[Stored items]
=== Section Start ===
(* Let $M\in K_{Cone}$ and let $\bar g=(g_0,\dots,g_{59})$ be a 60-tuple of automorphisms of $M$ with $\mathrm{Aut}(M)\models A_5(\bar g)$. Then there is at least one point of $M$ fixed by every $g_i$.
   Context: A cycle-free partial order (CFPO) is a partial order in the sense of Warren and Rubin (connected, with no cycles); for $s,t\in M$, $[\![s,t]\!]$ denotes the path from $s$ to $t$. For $x<y$, the upwards cone of $x$ containing $y$ is $\{t: x\notin[\![t,y]\!]\}$; for $z<x$ the downwards cone of $x$ containing $z$ is $\{t: x\notin[\![t,z]\!]\}$. $K_{Cone}$ is the class of path complete CFPOs $M$ that are 1-transitive (Aut$(M)$ is transitive on $M$), cone transitive (for each $x$, any two upwards cones of $x$, and any two downwards cones of $x$, are mapped onto each other by some automorphism), and such that $5\le ro\uparrow(M)\le ro\downarrow(M)$, where $ro\uparrow(M)$ (resp. $ro\downarrow(M)$) is the number of upwards (resp. downwards) cones of any point. Fix an enumeration $a_0,\dots,a_{59}$ of the alternating group $A_5$. For a 60-tuple $\bar f=(f_0,\dots,f_{59})$ of elements of $\mathrm{Aut}(M)$, $A_5(\bar f)$ is the conjunction of all formulas $f_if_j=f_k$ for which $a_ia_j=a_k$ and all formulas $f_if_j\ne f_k$ for which $a_ia_j\neq a_k$ (so $\bar f$ satisfies it iff $a_i\mapsto f_i$ is an injective homomorphism $A_5\to\mathrm{Aut}(M)$). *)

theory Defs
  imports "HOL-Combinatorics.Permutations"
begin

text \<open>The CFPO M is the whole carrier type 'a with its order.\<close>

definition comparable :: "'a::order \<Rightarrow> 'a \<Rightarrow> bool" where
  "comparable x y \<longleftrightarrow> x \<le> y \<or> y \<le> x"

definition seg :: "'a::order \<Rightarrow> 'a \<Rightarrow> 'a set" where
  "seg x y = {z. (x \<le> z \<and> z \<le> y) \<or> (y \<le> z \<and> z \<le> x)}"

definition interval_connected :: "'a::order set \<Rightarrow> bool" where
  "interval_connected C \<longleftrightarrow>
     (\<forall>a\<in>C. \<forall>b\<in>C. \<exists>xs. xs \<noteq> [] \<and> hd xs = a \<and> last xs = b \<and>
        (\<forall>i. Suc i < length xs \<longrightarrow>
             comparable (xs ! i) (xs ! Suc i) \<and> seg (xs ! i) (xs ! Suc i) \<subseteq> C))"
lemma infdist_approx_point_error:
  fixes P V S :: "'a::euclidean_space set"
  assumes P: "subspace P" and V: "subspace V" and PV: "P \<subseteq> V"
    and SV: "S \<subseteq> V" and S: "S \<noteq> {}" and b: "b \<in> P"
    and eps: "0 < \<epsilon>" "\<epsilon> < 1"
    and ab: "dist a b \<le> (1 + \<epsilon>\<^sup>2 / 6) * infdist a P"
    and c: "(1 - \<epsilon>\<^sup>2 / 6) * infdist a P \<le> c" "c \<le> (1 + \<epsilon>\<^sup>2 / 6) * infdist a P"
  shows "\<bar>sqrt ((infdist b S)\<^sup>2 + c\<^sup>2) - infdist a S\<bar>
    \<le> 2 * \<epsilon> * infdist a P + 2 * (infdist a P - infdist a V) / \<epsilon>"
proof -
  define d g where "d = infdist a P" and "g = infdist a V"
  have "0 \<in> P"
    using P by (rule subspace_0)
  then have gd: "0 \<le> g" "g \<le> d"
    unfolding d_def g_def using PV by (auto intro: infdist_nonneg infdist_mono)
  have "sqrt ((dist a b)\<^sup>2 - d\<^sup>2) \<le> \<epsilon> * d"
    using sqrt_diff_squares_le_of_le_one_plus[OF zero_le_dist ab eps] by (simp add: d_def)
  moreover have "sqrt (d\<^sup>2 - g\<^sup>2) \<le> \<epsilon> * d / 2 + (d - g) / \<epsilon>"
    using sqrt_diff_squares_le_am_gm[OF gd eps(1)] .
  moreover have "\<bar>c - g\<bar> \<le> \<epsilon>\<^sup>2 / 6 * d + (d - g)"
    using c gd by (simp add: d_def algebra_simps abs_le_iff)
  moreover have "\<epsilon>\<^sup>2 / 6 * d \<le> \<epsilon> * d / 6"
    using eps gd mult_left_le_one_le[of d \<epsilon>] by (simp add: power2_eq_square)
  moreover have "d - g \<le> (d - g) / \<epsilon>"
    using eps gd by (simp add: le_divide_eq mult_left_le)
  ultimately have "\<bar>sqrt ((infdist b S)\<^sup>2 + c\<^sup>2) - infdist a S\<bar> \<le> 2 * (\<epsilon> * d) + 2 * ((d - g) / \<epsilon>)"
    using sqrt_infdist_perturbation_le[OF P V PV SV S b, of c a] eps(1) gd
      mult_nonneg_nonneg[of \<epsilon> d]
    unfolding d_def[symmetric] g_def[symmetric] by linarith
  then show ?thesis
    by (simp add: d_def g_def)
qed

lemma sum_relative_error_le:
  fixes X Y d g :: "nat \<Rightarrow> real"
  assumes eps: "0 < \<epsilon>" "\<epsilon> < 1"
    and err: "\<And>i. i < n \<Longrightarrow> \<bar>X i - Y i\<bar> \<le> 2 * \<epsilon> * d i + 2 * (d i - g i) / \<epsilon>"
    and g: "\<And>i. i < n \<Longrightarrow> 0 \<le> g i" "\<And>i. i < n \<Longrightarrow> g i \<le> Y i"
    and gain: "(\<Sum>i<n. d i) - (\<Sum>i<n. g i) \<le> \<epsilon>\<^sup>2 / 80 * (\<Sum>i<n. Y i)"
  shows "\<bar>(\<Sum>i<n. X i) - (\<Sum>i<n. Y i)\<bar> \<le> 5 * \<epsilon> * (\<Sum>i<n. Y i)"
proof -
  define D where "D = (\<Sum>i<n. Y i)"
  have gD: "0 \<le> (\<Sum>i<n. g i)" "(\<Sum>i<n. g i) \<le> D"
    unfolding D_def using g by (auto intro: sum_nonneg sum_mono)
  have "\<epsilon>\<^sup>2 / 80 \<le> 1"
    using eps power_le_one[of \<epsilon> 2] by simp
  then have "\<epsilon>\<^sup>2 / 80 * D \<le> D"
    using gD by (intro mult_left_le_one_le) auto
  then have dD: "(\<Sum>i<n. d i) \<le> 2 * D"
    using gain gD unfolding D_def by linarith
  have "\<bar>(\<Sum>i<n. X i) - D\<bar> \<le> (\<Sum>i<n. \<bar>X i - Y i\<bar>)"
    unfolding D_def sum_subtractf[symmetric] by (rule sum_abs)
  also have "\<dots> \<le> (\<Sum>i<n. 2 * \<epsilon> * d i + 2 / \<epsilon> * (d i - g i))"
    using err by (intro sum_mono) simp
  also have "\<dots> = 2 * \<epsilon> * (\<Sum>i<n. d i) + 2 / \<epsilon> * ((\<Sum>i<n. d i) - (\<Sum>i<n. g i))"
    by (simp only: sum.distrib sum_subtractf flip: sum_distrib_left)
  also have "\<dots> \<le> 2 * \<epsilon> * (2 * D) + 2 / \<epsilon> * (\<epsilon>\<^sup>2 / 80 * D)"
    using dD gain eps unfolding D_def by (intro add_mono mult_left_mono) auto
  also have "\<dots> \<le> 5 * \<epsilon> * D"
    using eps gD by (simp add: power2_eq_square field_simps)
  finally show ?thesis
    unfolding D_def .
qed

lemma SubApx_le_sum_infdist:
  fixes a :: "nat \<Rightarrow> 'a::euclidean_space"
  assumes "subspace Q" "dim Q \<le> k"
  shows "SubApx k a n \<le> (\<Sum>i<n. infdist (a i) Q)"
  unfolding SubApx_def
proof (rule cInf_lower)
  show "(\<Sum>i<n. infdist (a i) Q) \<in> {\<Sum>i<n. infdist (a i) Q |Q. subspace Q \<and> dim Q \<le> k}"
    using assms by blast
  show "bdd_below {\<Sum>i<n. infdist (a i) Q |Q. subspace Q \<and> dim Q \<le> k}"
    by (rule bdd_belowI[of _ 0]) (auto simp: sum_nonneg infdist_nonneg)
qed
text \<open>The variation sums of a bounded additive function are bounded by twice its bound:
  split a partition into the pieces of positive and of negative measure.\<close>
lemma variation_sums_bounded:
  assumes "\<mu> \<in> ba M"
  obtains c where "\<And>A x. x \<in> variation_sums M \<mu> A \<Longrightarrow> x \<le> c"
proof -
  obtain c where c: "\<forall>B\<in>M. \<bar>\<mu> B\<bar> \<le> c" using ba_bounded[OF assms] by blast
  have "(\<Sum>B\<in>P. \<bar>\<mu> B\<bar>) \<le> 2 * c" if P: "finite P" "P \<subseteq> M" "disjoint P" for P
  proof -
    define Pp where "Pp = {B\<in>P. 0 \<le> \<mu> B}"
    define Pn where "Pn = {B\<in>P. \<mu> B < 0}"
    have parts: "finite Q" "Q \<subseteq> M" "disjoint Q" "\<Union>Q \<in> M" if "Q \<subseteq> P" for Q
    proof -
      show "finite Q" "Q \<subseteq> M" "disjoint Q"
        using P that by (auto intro: finite_subset pairwise_subset)
      then show "\<Union>Q \<in> M" by (intro finite_Union) auto
    qed
    have "P = Pp \<union> Pn" "Pp \<inter> Pn = {}" unfolding Pp_def Pn_def by auto
    then have "(\<Sum>B\<in>P. \<bar>\<mu> B\<bar>) = (\<Sum>B\<in>Pp. \<bar>\<mu> B\<bar>) + (\<Sum>B\<in>Pn. \<bar>\<mu> B\<bar>)"
      using P(1) by (metis finite_Un sum.union_disjoint)
    also have "\<dots> = (\<Sum>B\<in>Pp. \<mu> B) + (\<Sum>B\<in>Pn. - \<mu> B)"
      by (intro arg_cong2[where f="(+)"] sum.cong) (auto simp: Pp_def Pn_def)
    also have "\<dots> = \<mu> (\<Union>Pp) - \<mu> (\<Union>Pn)"
      using ba_finitely_additive[OF assms] parts[of Pp] parts[of Pn]
      by (simp add: sum_negf Pp_def Pn_def)
    also have "\<dots> \<le> 2 * c"
      using c parts(4)[of Pp] parts(4)[of Pn] unfolding Pp_def Pn_def abs_le_iff
      by (smt (verit) mem_Collect_eq subsetI)
    finally show ?thesis .
  qed
  then show thesis
    by (intro that[of "2 * c"]) (auto simp: variation_sums_def)
qed

lemma variation_sums_bdd_above: "\<mu> \<in> ba M \<Longrightarrow> bdd_above (variation_sums M \<mu> A)"
  by (metis bdd_above.I variation_sums_bounded)

lemma tv_ge_abs: "\<mu> \<in> ba M \<Longrightarrow> A \<in> M \<Longrightarrow> \<bar>\<mu> A\<bar> \<le> tv M \<mu> A"
  unfolding tv_eq_Sup_variation_sums
  by (rule cSup_upper[OF abs_in_variation_sums variation_sums_bdd_above])

lemma tv_nonneg: "\<mu> \<in> ba M \<Longrightarrow> A \<in> M \<Longrightarrow> 0 \<le> tv M \<mu> A"
  using tv_ge_abs[of \<mu> A] by linarith

lemma tv_bounded:
  assumes "\<mu> \<in> ba M"
  obtains c where "\<And>A. A \<in> M \<Longrightarrow> tv M \<mu> A \<le> c"
proof -
  obtain c where "\<And>A x. x \<in> variation_sums M \<mu> A \<Longrightarrow> x \<le> c"
    using variation_sums_bounded[OF assms] by blast
  then show thesis
    by (intro that[of c]) (auto simp: tv_eq_Sup_variation_sums
        intro!: cSup_least dest: abs_in_variation_sums[of _ M \<mu>])
qed

text \<open>Partitions of disjoint sets combine to a partition of the union,
  so the total variation is superadditive.\<close>
lemma tv_superadditive:
  assumes mu: "\<mu> \<in> ba M" and "B \<in> M" "C \<in> M" and BC: "B \<inter> C = {}"
  shows "tv M \<mu> B + tv M \<mu> C \<le> tv M \<mu> (B \<union> C)"
  unfolding tv_eq_Sup_variation_sums[of M \<mu> B] tv_eq_Sup_variation_sums[of M \<mu> C]
proof (rule Sup_add_le)
  show "variation_sums M \<mu> B \<noteq> {}" "variation_sums M \<mu> C \<noteq> {}"
    using abs_in_variation_sums assms(2,3) by blast+
  fix x y assume "x \<in> variation_sums M \<mu> B" "y \<in> variation_sums M \<mu> C"
  then obtain P Q where P: "x = (\<Sum>X\<in>P. \<bar>\<mu> X\<bar>)" "finite P" "P \<subseteq> M" "disjoint P" "\<Union>P = B"
    and Q: "y = (\<Sum>X\<in>Q. \<bar>\<mu> X\<bar>)" "finite Q" "Q \<subseteq> M" "disjoint Q" "\<Union>Q = C"
    unfolding variation_sums_def by blast
  have "P \<inter> Q \<subseteq> {{}}" using P(5) Q(5) BC by blast
  then have "(\<Sum>X\<in>P \<inter> Q. \<bar>\<mu> X\<bar>) = 0"
    using ba_empty[OF mu] by (intro sum.neutral) auto
  then have "x + y = (\<Sum>X\<in>P \<union> Q. \<bar>\<mu> X\<bar>)"
    using P Q by (simp add: sum_Un)
  also have "\<dots> \<in> variation_sums M \<mu> (B \<union> C)"
    unfolding variation_sums_def using P Q BC
    by (intro CollectI exI[of _ "P \<union> Q"]) (auto intro: disjoint_union)
  then have "(\<Sum>X\<in>P \<union> Q. \<bar>\<mu> X\<bar>) \<le> tv M \<mu> (B \<union> C)"
    unfolding tv_eq_Sup_variation_sums by (rule cSup_upper[OF _ variation_sums_bdd_above[OF mu]])
  finally show "x + y \<le> tv M \<mu> (B \<union> C)" .
qed
(* Let $M$ be a unit speed curve $\gamma: I\to\mathbb{R}^3$ with arc-length parameter $s$, curvature $\kappa(s) \neq 0$ and torsion $\tau(s)$, and put $\varphi(s) = \int_0^s \tau(t)\,dt + \varphi_0$ for a constant $\varphi_0$. Let $K$ be a curve $\beta$, parametrized by the same arc-length parameter $s$, with $\beta''(s) = \overline{\kappa}(s)\gamma'(s)$, whose curvature and torsion are $$\overline{\kappa}(s) = \kappa(s)\cos\varphi(s), \qquad \overline{\tau}(s) = \kappa(s)\sin\varphi(s).$$ Let $u,w$ be functions on $I$, not simultaneously zero, and let $\lambda$ be a nonzero real constant. Then the curvatures of $K$ satisfy $u\overline{\kappa} - w\overline{\tau} = \lambda(\overline{\kappa}^2+\overline{\tau}^2)$ (the $V$-Mannheim condition for $K$) if and only if $$\kappa(s) = F(s)\cos\big(\varphi(s)+\phi(s)\big),$$ where $F(s) = \frac{\sqrt{u^2+w^2}}{\lambda}$, $\cos\phi(s) = \frac{u}{\sqrt{u^2+w^2}}$ and $\sin\phi(s) = \frac{w}{\sqrt{u^2+w^2}}$.
   Context: For a unit vector field $V = uT+vN+wB$ along a curve with curvature $\kappa$ and torsion $\tau$, the paper characterizes $V$-Mannheim curves by the relation $u\kappa - w\tau = \lambda(\kappa^2+\tau^2)$; here this relation is imposed on the curvatures $\overline{\kappa},\overline{\tau}$ of $K$. *)

theory Defs
  imports "HOL-Analysis.Analysis" "HOL-Analysis.Cross3"
begin

definition dcurve :: "(real \<Rightarrow> real^3) \<Rightarrow> real \<Rightarrow> real^3" where
  "dcurve g = (\<lambda>t. vector_derivative g (at t))"

definition curvature :: "(real \<Rightarrow> real^3) \<Rightarrow> real \<Rightarrow> real" where
  "curvature g s = norm (dcurve (dcurve g) s)"

definition torsion :: "(real \<Rightarrow> real^3) \<Rightarrow> real \<Rightarrow> real" where
  "torsion g s = (cross3 (dcurve g s) (dcurve (dcurve g) s) \<bullet> dcurve (dcurve (dcurve g)) s)
                 / (curvature g s)^2"

definition oint :: "real \<Rightarrow> real \<Rightarrow> (real \<Rightarrow> real) \<Rightarrow> real" where
  "oint a b f = (if a \<le> b then integral {a..b} f else - integral {b..a} f)"

end

theory Submission
  imports Defs
begin

text \<open>Only the pointwise relations between the curvatures enter the argument: substituting
  \<open>\<kappa>K = \<kappa> cos \<phi>\<close> and \<open>\<tau>K = \<kappa> sin \<phi>\<close> gives \<open>\<kappa>K\<^sup>2 + \<tau>K\<^sup>2 = \<kappa>\<^sup>2\<close>, so after cancelling
  \<open>\<kappa> \<noteq> 0\<close> the Mannheim condition becomes \<open>u cos \<phi> - w sin \<phi> = \<lambda> \<kappa>\<close>, and the left-hand
  side is \<open>\<surd>(u\<^sup>2 + w\<^sup>2) cos (\<phi> + \<psi>)\<close> by the addition formula for the cosine.\<close>

lemma Mannheim_condition_rotated_iff:
  fixes k \<phi> u w lam :: real
  assumes "k \<noteq> 0"
  shows "u * (k * cos \<phi>) - w * (k * sin \<phi>) = lam * ((k * cos \<phi>)\<^sup>2 + (k * sin \<phi>)\<^sup>2)
     \<longleftrightarrow> u * cos \<phi> - w * sin \<phi> = lam * k"
proof -
  have "(k * cos \<phi>)\<^sup>2 + (k * sin \<phi>)\<^sup>2 = k\<^sup>2"
    by (simp add: power_mult_distrib flip: distrib_left)
  then have "u * (k * cos \<phi>) - w * (k * sin \<phi>) = lam * ((k * cos \<phi>)\<^sup>2 + (k * sin \<phi>)\<^sup>2)
      \<longleftrightarrow> k * (u * cos \<phi> - w * sin \<phi>) = k * (lam * k)"
    by (simp add: algebra_simps power2_eq_square)
  with assms show ?thesis
    by simp
qed

lemma harmonic_addition_cos:
  fixes u w \<phi> \<psi> :: real
  assumes "u \<noteq> 0 \<or> w \<noteq> 0"
    and "cos \<psi> = u / sqrt (u\<^sup>2 + w\<^sup>2)" "sin \<psi> = w / sqrt (u\<^sup>2 + w\<^sup>2)"
  shows "u * cos \<phi> - w * sin \<phi> = sqrt (u\<^sup>2 + w\<^sup>2) * cos (\<phi> + \<psi>)"
proof -
  have "sqrt (u\<^sup>2 + w\<^sup>2) \<noteq> 0"
    using assms(1) by simp
  with assms(2,3) show ?thesis
    by (simp add: cos_add field_simps)
qed

theorem mainTheorem4:
  fixes \<gamma> \<beta> :: "real \<Rightarrow> real^3"
    and I :: "real set"
    and \<kappa> \<tau> \<phi> \<kappa>K \<tau>K u w \<psi> F :: "real \<Rightarrow> real"
    and \<phi>0 lam :: real
  assumes I: "open I" "is_interval I" "0 \<in> I"
    and smooth: "\<forall>s\<in>I. \<gamma> differentiable (at s) \<and> dcurve \<gamma> differentiable (at s)
                        \<and> dcurve (dcurve \<gamma>) differentiable (at s)"
    and unit: "\<forall>s\<in>I. norm (dcurve \<gamma> s) = 1"
    and kap: "\<forall>s\<in>I. \<kappa> s = curvature \<gamma> s \<and> \<kappa> s \<noteq> 0"
    and tau: "\<forall>s\<in>I. \<tau> s = torsion \<gamma> s"
    and tau_int: "\<forall>s\<in>I. \<tau> integrable_on (closed_segment 0 s)"
    and phi: "\<forall>s\<in>I. \<phi> s = oint 0 s \<tau> + \<phi>0"
    and beta_smooth: "\<forall>s\<in>I. \<beta> differentiable (at s) \<and> dcurve \<beta> differentiable (at s)"
    and beta2: "\<forall>s\<in>I. dcurve (dcurve \<beta>) s = \<kappa>K s *\<^sub>R dcurve \<gamma> s"
    and kapK: "\<forall>s\<in>I. \<kappa>K s = \<kappa> s * cos (\<phi> s)"
    and tauK: "\<forall>s\<in>I. \<tau>K s = \<kappa> s * sin (\<phi> s)"
    and uw: "\<forall>s\<in>I. u s \<noteq> 0 \<or> w s \<noteq> 0"
    and lam_nz: "lam \<noteq> 0"
    and F: "\<forall>s\<in>I. F s = sqrt ((u s)^2 + (w s)^2) / lam"
    and psi: "\<forall>s\<in>I. cos (\<psi> s) = u s / sqrt ((u s)^2 + (w s)^2)
                   \<and> sin (\<psi> s) = w s / sqrt ((u s)^2 + (w s)^2)"
  shows "(\<forall>s\<in>I. u s * \<kappa>K s - w s * \<tau>K s = lam * ((\<kappa>K s)^2 + (\<tau>K s)^2))
     \<longleftrightarrow> (\<forall>s\<in>I. \<kappa> s = F s * cos (\<phi> s + \<psi> s))"
proof (rule ball_cong[OF refl])
  fix s
  assume s: "s \<in> I"
  have "\<kappa> s \<noteq> 0" "\<kappa>K s = \<kappa> s * cos (\<phi> s)" "\<tau>K s = \<kappa> s * sin (\<phi> s)"
    using kap kapK tauK s by auto
  then have "u s * \<kappa>K s - w s * \<tau>K s = lam * ((\<kappa>K s)\<^sup>2 + (\<tau>K s)\<^sup>2)
      \<longleftrightarrow> u s * cos (\<phi> s) - w s * sin (\<phi> s) = lam * \<kappa> s"
    by (simp add: Mannheim_condition_rotated_iff)
  also have "\<dots> \<longleftrightarrow> sqrt ((u s)\<^sup>2 + (w s)\<^sup>2) * cos (\<phi> s + \<psi> s) = lam * \<kappa> s"
    using harmonic_addition_cos[of "u s" "w s" "\<psi> s" "\<phi> s"] uw psi s by simp
  also have "\<dots> \<longleftrightarrow> \<kappa> s = sqrt ((u s)\<^sup>2 + (w s)\<^sup>2) / lam * cos (\<phi> s + \<psi> s)"
    using lam_nz by (auto simp: field_simps)
  also have "\<dots> \<longleftrightarrow> \<kappa> s = F s * cos (\<phi> s + \<psi> s)"
    using F s by simp
  finally show "u s * \<kappa>K s - w s * \<tau>K s = lam * ((\<kappa>K s)\<^sup>2 + (\<tau>K s)\<^sup>2)
      \<longleftrightarrow> \<kappa> s = F s * cos (\<phi> s + \<psi> s)" .
qed

end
=== Section End ===
### [EXERCISE PROMPT]
Start with the line above that contains "and \<phi>0 lam :: real" and end with the line that contains "by (simp add: Mannheim_condition_rotated_iff)". Write out those lines exactly, and only those.

### [RESULT OF THE EXERCISE]
    and \<phi>0 lam :: real
  assumes I: "open I" "is_interval I" "0 \<in> I"
    and smooth: "\<forall>s\<in>I. \<gamma> differentiable (at s) \<and> dcurve \<gamma> differentiable (at s)
                        \<and> dcurve (dcurve \<gamma>) differentiable (at s)"
    and unit: "\<forall>s\<in>I. norm (dcurve \<gamma> s) = 1"
    and kap: "\<forall>s\<in>I. \<kappa> s = curvature \<gamma> s \<and> \<kappa> s \<noteq> 0"
    and tau: "\<forall>s\<in>I. \<tau> s = torsion \<gamma> s"
    and tau_int: "\<forall>s\<in>I. \<tau> integrable_on (closed_segment 0 s)"
    and phi: "\<forall>s\<in>I. \<phi> s = oint 0 s \<tau> + \<phi>0"
    and beta_smooth: "\<forall>s\<in>I. \<beta> differentiable (at s) \<and> dcurve \<beta> differentiable (at s)"
    and beta2: "\<forall>s\<in>I. dcurve (dcurve \<beta>) s = \<kappa>K s *\<^sub>R dcurve \<gamma> s"
    and kapK: "\<forall>s\<in>I. \<kappa>K s = \<kappa> s * cos (\<phi> s)"
    and tauK: "\<forall>s\<in>I. \<tau>K s = \<kappa> s * sin (\<phi> s)"
    and uw: "\<forall>s\<in>I. u s \<noteq> 0 \<or> w s \<noteq> 0"
    and lam_nz: "lam \<noteq> 0"
    and F: "\<forall>s\<in>I. F s = sqrt ((u s)^2 + (w s)^2) / lam"
    and psi: "\<forall>s\<in>I. cos (\<psi> s) = u s / sqrt ((u s)^2 + (w s)^2)
                   \<and> sin (\<psi> s) = w s / sqrt ((u s)^2 + (w s)^2)"
  shows "(\<forall>s\<in>I. u s * \<kappa>K s - w s * \<tau>K s = lam * ((\<kappa>K s)^2 + (\<tau>K s)^2))
     \<longleftrightarrow> (\<forall>s\<in>I. \<kappa> s = F s * cos (\<phi> s + \<psi> s))"
proof (rule ball_cong[OF refl])
  fix s
  assume s: "s \<in> I"
  have "\<kappa> s \<noteq> 0" "\<kappa>K s = \<kappa> s * cos (\<phi> s)" "\<tau>K s = \<kappa> s * sin (\<phi> s)"
    using kap kapK tauK s by auto
  then have "u s * \<kappa>K s - w s * \<tau>K s = lam * ((\<kappa>K s)\<^sup>2 + (\<tau>K s)\<^sup>2)
      \<longleftrightarrow> u s * cos (\<phi> s) - w s * sin (\<phi> s) = lam * \<kappa> s"
    by (simp add: Mannheim_condition_rotated_iff)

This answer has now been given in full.